Is the Quick Death of Failed Tech Products a Good Thing?
Joining the ranks of accepted submitters, HumanEmulator writes "The NY Times reports on how the Hollywood summer-movie business model is being applied to tech products: 'Every release needs to be a blockbuster, and the only measure of success is the opening-weekend gross. There is little to no room for the sleeper indie hit that builds good word of mouth to become a solid performer over time.' New products are being pulled from shelves only weeks after a lackluster release. What if the TouchPad, the Microsoft Kin, or even Google Wave had had more time on the market? Is this blockbuster-or-bust model a good thing for consumers, or for the industry in general?"
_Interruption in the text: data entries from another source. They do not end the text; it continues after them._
lemma nn_integral_grad_u_trunc_minus_U_fun:
  assumes "1 < p" "p < N" "0 < \<beta>" "0 < \<alpha>"
  shows "(\<integral>\<^sup>+x. ennreal (norm (grad (\<lambda>x::real ^ 'n. u_trunc N p \<epsilon> \<beta> x - U_fun N p \<alpha> x) x) powr p)
      \<partial>lborel)
    = (\<integral>\<^sup>+x. ennreal (\<bar>u_trunc_prof_deriv N p \<epsilon> \<beta> (norm x) - U_prof_deriv N p \<alpha> (norm x)\<bar> powr p)
      \<partial>(lborel :: (real ^ 'n) measure))"
proof (rule nn_integral_cong_AE)
  from AE_norm_neq[of 0] AE_norm_neq[of "1 / \<epsilon>"]
  show "AE x in lborel. ennreal (norm (grad (\<lambda>x::real ^ 'n. u_trunc N p \<epsilon> \<beta> x - U_fun N p \<alpha> x) x) powr p)
    = ennreal (\<bar>u_trunc_prof_deriv N p \<epsilon> \<beta> (norm x) - U_prof_deriv N p \<alpha> (norm x)\<bar> powr p)"
    by eventually_elim (use assms in \<open>simp add: norm_grad_u_trunc_minus_U_fun\<close>)
qed

lemma grad_Lp_norm_u_trunc_minus_U_fun_tendsto_0:
  fixes \<alpha>s \<epsilon>s :: "nat \<Rightarrow> real"
  defines "N \<equiv> real CARD('n)"
  assumes "1 < p" "p < N" "\<alpha>s \<longlonglongrightarrow> \<alpha>" "0 < \<alpha>" "\<And>n. 0 < \<epsilon>s n" "\<epsilon>s \<longlonglongrightarrow> 0"
  shows "(\<lambda>n. grad_Lp_norm p (\<lambda>x::real ^ 'n. u_trunc N p (\<epsilon>s n) (\<alpha>s n) x - U_fun N p \<alpha> x))
    \<longlonglongrightarrow> 0"
proof -
  define k where "k = (N - p) / (p - 1)"
  define c where "c = C_const N p \<alpha> + 1"
  define f where "f n x = \<bar>u_trunc_prof_deriv N p (\<epsilon>s n) (\<alpha>s n) (norm x)
    - U_prof_deriv N p \<alpha> (norm x)\<bar> powr p" for n and x :: "real ^ 'n"
  define w where "w x = (2 * k * c * (2 / (1 + norm x)) powr (k + 1)) powr p" for x :: "real ^ 'n"
  note good = eventually_C_const_le[OF assms(2,3,4,5), folded c_def]
  have "eventually (\<lambda>n. (\<integral>\<^sup>+x. ennreal (norm (grad (\<lambda>x::real ^ 'n. u_trunc N p (\<epsilon>s n) (\<alpha>s n) x
      - U_fun N p \<alpha> x) x) powr p) \<partial>lborel) = (\<integral>\<^sup>+x. ennreal \<bar>f n x\<bar> \<partial>lborel)) sequentially"
    using good by eventually_elim (use assms in \<open>simp add: f_def nn_integral_grad_u_trunc_minus_U_fun\<close>)
  moreover have "(\<lambda>n. \<integral>\<^sup>+x. ennreal \<bar>f n x\<bar> \<partial>lborel) \<longlonglongrightarrow> 0"
  proof (rule nn_integral_tendsto_0_dominated)
    show "f n \<in> borel_measurable lborel" for n
      unfolding f_def u_trunc_prof_deriv_def U_prof_deriv_def by measurable
    show "w \<in> borel_measurable lborel"
      unfolding w_def by measurable
    show "(\<integral>\<^sup>+x. ennreal (w x) \<partial>lborel) < \<infinity>"
      using nn_integral_grad_majorant_finite[of p "2 * k * c"] assms C_const_pos[of p N \<alpha>]
      by (simp add: w_def k_def c_def)
    show "eventually (\<lambda>n. AE x in lborel. \<bar>f n x\<bar> \<le> w x) sequentially"
      using good
    proof (rule eventually_mono)
      fix n assume n: "0 < \<alpha>s n \<and> C_const N p (\<alpha>s n) \<le> c"
      from AE_norm_neq[of 0] show "AE x in lborel. \<bar>f n x\<bar> \<le> w x"
      proof eventually_elim
        case (elim x)
        have "\<bar>u_trunc_prof_deriv N p (\<epsilon>s n) (\<alpha>s n) (norm x) - U_prof_deriv N p \<alpha> (norm x)\<bar>
            \<le> 2 * k * c * (2 / (1 + norm x)) powr (k + 1)"
          unfolding k_def
          by (rule abs_u_trunc_prof_deriv_minus_U_prof_deriv_le) (use assms n elim in \<open>auto simp: c_def\<close>)
        then show ?case
          unfolding f_def w_def using assms(2) by (simp add: powr_mono2)
      qed
    qed
    show "AE x in lborel. (\<lambda>n. f n x) \<longlonglongrightarrow> 0"
      using AE_norm_neq[of 0]
    proof eventually_elim
      case (elim x)
      then show ?case
        using u_trunc_prof_deriv_tendsto[OF assms(2-7), of "norm x"] assms(2)
        unfolding f_def by (intro tendsto_zero_powrI[where b = p] tendsto_rabs_zero LIM_zero) auto
    qed
  qed
  ultimately show ?thesis
    using assms(2) by (intro grad_Lp_norm_tendsto_0I) (auto simp: tendsto_cong)
qed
I knew a guy who started .com companies like popcorn. His business plan was the same for all of them: be successful enough until someone bigger buys you out. His goal was to work for a year at trying to get a thing going, then sell it for a couple million dollars for that short duration that it would be hot. Most of these things were very transient. They were unknown a month ago, on the rise a week ago, popular today, and by next month they probably wouldn't even be a memory.
I think these big companies learned their lessons. They tried over and over to pump money into these little concepts that never had longevity as a part of their plans. They bled red ink.
So if they don't see that initial wave, they're cutting the bleeding off now before they pump additional useless money into a concept that never will make it. It makes financial sense.
John
No it was priced right according to iSuppli who did the teardown. If HP sold it at $150 there would have been a loss on each device sold.
http://www.isuppli.com/Teardowns/News/Pages/HP-TouchPad-Carries-$318-Bill-of-Materials.aspx
They probably COULD have saved money somewhere, but they already chintzed on the plastic in the back.
The real problem is there were no apps. There was no real push by Palm OR HP on gaining developers. At least not one like there should have been. Plus the SDK was REALLY late. By that time, Palm was already dead in the water, HP picked them up and did NOTHING with them.